(* Let $F$ be a lean multi-clause-set with $n(F) > 0$. Then $\mathrm{minvdeg}(F) \le \mathrm{N}(\sigma(F))$. More precisely, there exists a variable $v \in \mathrm{var}(F)$ with $\mathrm{vdeg}_F(v) \le \mathrm{N}(\sigma(F))$ and $\mathrm{ld}_F(v) \le \sigma(F)$, $\mathrm{ld}_F(\overline{v}) \le \sigma(F)$.
   Context: Literals come with a fixed-point-free involution $x \mapsto \overline{x}$; variables are the positive literals, $\mathrm{var}(x)$ the underlying variable. A clause is a finite set $C$ of literals with $C \cap \overline{C} = \emptyset$. A multi-clause-set is a map $F$ from clauses to $\mathbb{N}_0$ with finitely many clauses of nonzero multiplicity; its underlying clause-set is the set of clauses with nonzero multiplicity. $\mathrm{var}(F)$ is the set of variables occurring in it, $n(F) = |\mathrm{var}(F)|$, $c(F) = \sum_C F(C)$, $\delta(F) = c(F) - n(F)$. Literal degree $\mathrm{ld}_F(x) = \sum_{C \ni x} F(C)$; $\mathrm{vdeg}_F(v) = \mathrm{ld}_F(v) + \mathrm{ld}_F(\overline{v})$; $\mathrm{minvdeg}(F) = \min_{v \in \mathrm{var}(F)} \mathrm{vdeg}_F(v)$ (and $+\infty$ if $n(F)=0$). Surplus: if $n(F) > 0$, $\sigma(F) = \min_{\emptyset \ne V \subseteq \mathrm{var}(F)} \big( \sum_{C : \mathrm{var}(C) \cap V \ne \emptyset} F(C) - |V| \big)$, and $\sigma(F) = 0$ if $n(F)=0$. A partial assignment is a map $\varphi : V \to \{0,1\}$ for a finite set $V$ of variables, with $\varphi(\overline{v}) = 1 - \varphi(v)$; it is an autarky for a clause-set $G$ if every clause $C \in G$ containing a literal falsified by $\varphi$ also contains a literal satisfied by $\varphi$. A clause-set $G$ is lean if there is no autarky $\varphi$ for $G$ with $\mathrm{var}(\varphi) \cap \mathrm{var}(G) \ne \emptyset$; a multi-clause-set is lean iff its underlying clause-set is. The function $\mathrm{N} : \mathbb{N} \to \mathbb{N}$ is defined by $\mathrm{N}(1) = 2$ and $\mathrm{N}(k) = \max_{i \in \{2,\dots,k\}} \min(2i, \mathrm{N}(k-i+1)+i)$ for $k \ge 2$. *)

theory Defs
  imports Main "HOL-Library.Multiset" "HOL-Library.Extended_Nat"
begin

datatype 'v lit = Pos 'v | Neg 'v

fun comp :: "'v lit \<Rightarrow> 'v lit" where
  "comp (Pos v) = Neg v"
| "comp (Neg v) = Pos v"

fun var_lit :: "'v lit \<Rightarrow> 'v" where
  "var_lit (Pos v) = v"
| "var_lit (Neg v) = v"

definition clause :: "'v lit set \<Rightarrow> bool" where
  "clause C \<longleftrightarrow> finite C \<and> C \<inter> comp ` C = {}"

definition vars_cl :: "'v lit set \<Rightarrow> 'v set" where
  "vars_cl C = var_lit ` C"

definition multi_clause_set :: "'v lit set multiset \<Rightarrow> bool" where
  "multi_clause_set F \<longleftrightarrow> (\<forall>C \<in># F. clause C)"

definition vars_cs :: "'v lit set set \<Rightarrow> 'v set" where
  "vars_cs G = (\<Union>C\<in>G. vars_cl C)"

definition vars :: "'v lit set multiset \<Rightarrow> 'v set" where
  "vars F = vars_cs (set_mset F)"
═══
TASK TO COMPLETE:
The full set of entries above should be given again exactly.

EXERCISE ANSWER:
(* Let $F$ be a lean multi-clause-set with $n(F) > 0$. Then $\mathrm{minvdeg}(F) \le \mathrm{N}(\sigma(F))$. More precisely, there exists a variable $v \in \mathrm{var}(F)$ with $\mathrm{vdeg}_F(v) \le \mathrm{N}(\sigma(F))$ and $\mathrm{ld}_F(v) \le \sigma(F)$, $\mathrm{ld}_F(\overline{v}) \le \sigma(F)$.
   Context: Literals come with a fixed-point-free involution $x \mapsto \overline{x}$; variables are the positive literals, $\mathrm{var}(x)$ the underlying variable. A clause is a finite set $C$ of literals with $C \cap \overline{C} = \emptyset$. A multi-clause-set is a map $F$ from clauses to $\mathbb{N}_0$ with finitely many clauses of nonzero multiplicity; its underlying clause-set is the set of clauses with nonzero multiplicity. $\mathrm{var}(F)$ is the set of variables occurring in it, $n(F) = |\mathrm{var}(F)|$, $c(F) = \sum_C F(C)$, $\delta(F) = c(F) - n(F)$. Literal degree $\mathrm{ld}_F(x) = \sum_{C \ni x} F(C)$; $\mathrm{vdeg}_F(v) = \mathrm{ld}_F(v) + \mathrm{ld}_F(\overline{v})$; $\mathrm{minvdeg}(F) = \min_{v \in \mathrm{var}(F)} \mathrm{vdeg}_F(v)$ (and $+\infty$ if $n(F)=0$). Surplus: if $n(F) > 0$, $\sigma(F) = \min_{\emptyset \ne V \subseteq \mathrm{var}(F)} \big( \sum_{C : \mathrm{var}(C) \cap V \ne \emptyset} F(C) - |V| \big)$, and $\sigma(F) = 0$ if $n(F)=0$. A partial assignment is a map $\varphi : V \to \{0,1\}$ for a finite set $V$ of variables, with $\varphi(\overline{v}) = 1 - \varphi(v)$; it is an autarky for a clause-set $G$ if every clause $C \in G$ containing a literal falsified by $\varphi$ also contains a literal satisfied by $\varphi$. A clause-set $G$ is lean if there is no autarky $\varphi$ for $G$ with $\mathrm{var}(\varphi) \cap \mathrm{var}(G) \ne \emptyset$; a multi-clause-set is lean iff its underlying clause-set is. The function $\mathrm{N} : \mathbb{N} \to \mathbb{N}$ is defined by $\mathrm{N}(1) = 2$ and $\mathrm{N}(k) = \max_{i \in \{2,\dots,k\}} \min(2i, \mathrm{N}(k-i+1)+i)$ for $k \ge 2$. *)

theory Defs
  imports Main "HOL-Library.Multiset" "HOL-Library.Extended_Nat"
begin

datatype 'v lit = Pos 'v | Neg 'v

fun comp :: "'v lit \<Rightarrow> 'v lit" where
  "comp (Pos v) = Neg v"
| "comp (Neg v) = Pos v"

fun var_lit :: "'v lit \<Rightarrow> 'v" where
  "var_lit (Pos v) = v"
| "var_lit (Neg v) = v"

definition clause :: "'v lit set \<Rightarrow> bool" where
  "clause C \<longleftrightarrow> finite C \<and> C \<inter> comp ` C = {}"

definition vars_cl :: "'v lit set \<Rightarrow> 'v set" where
  "vars_cl C = var_lit ` C"

definition multi_clause_set :: "'v lit set multiset \<Rightarrow> bool" where
  "multi_clause_set F \<longleftrightarrow> (\<forall>C \<in># F. clause C)"

definition vars_cs :: "'v lit set set \<Rightarrow> 'v set" where
  "vars_cs G = (\<Union>C\<in>G. vars_cl C)"

definition vars :: "'v lit set multiset \<Rightarrow> 'v set" where
  "vars F = vars_cs (set_mset F)"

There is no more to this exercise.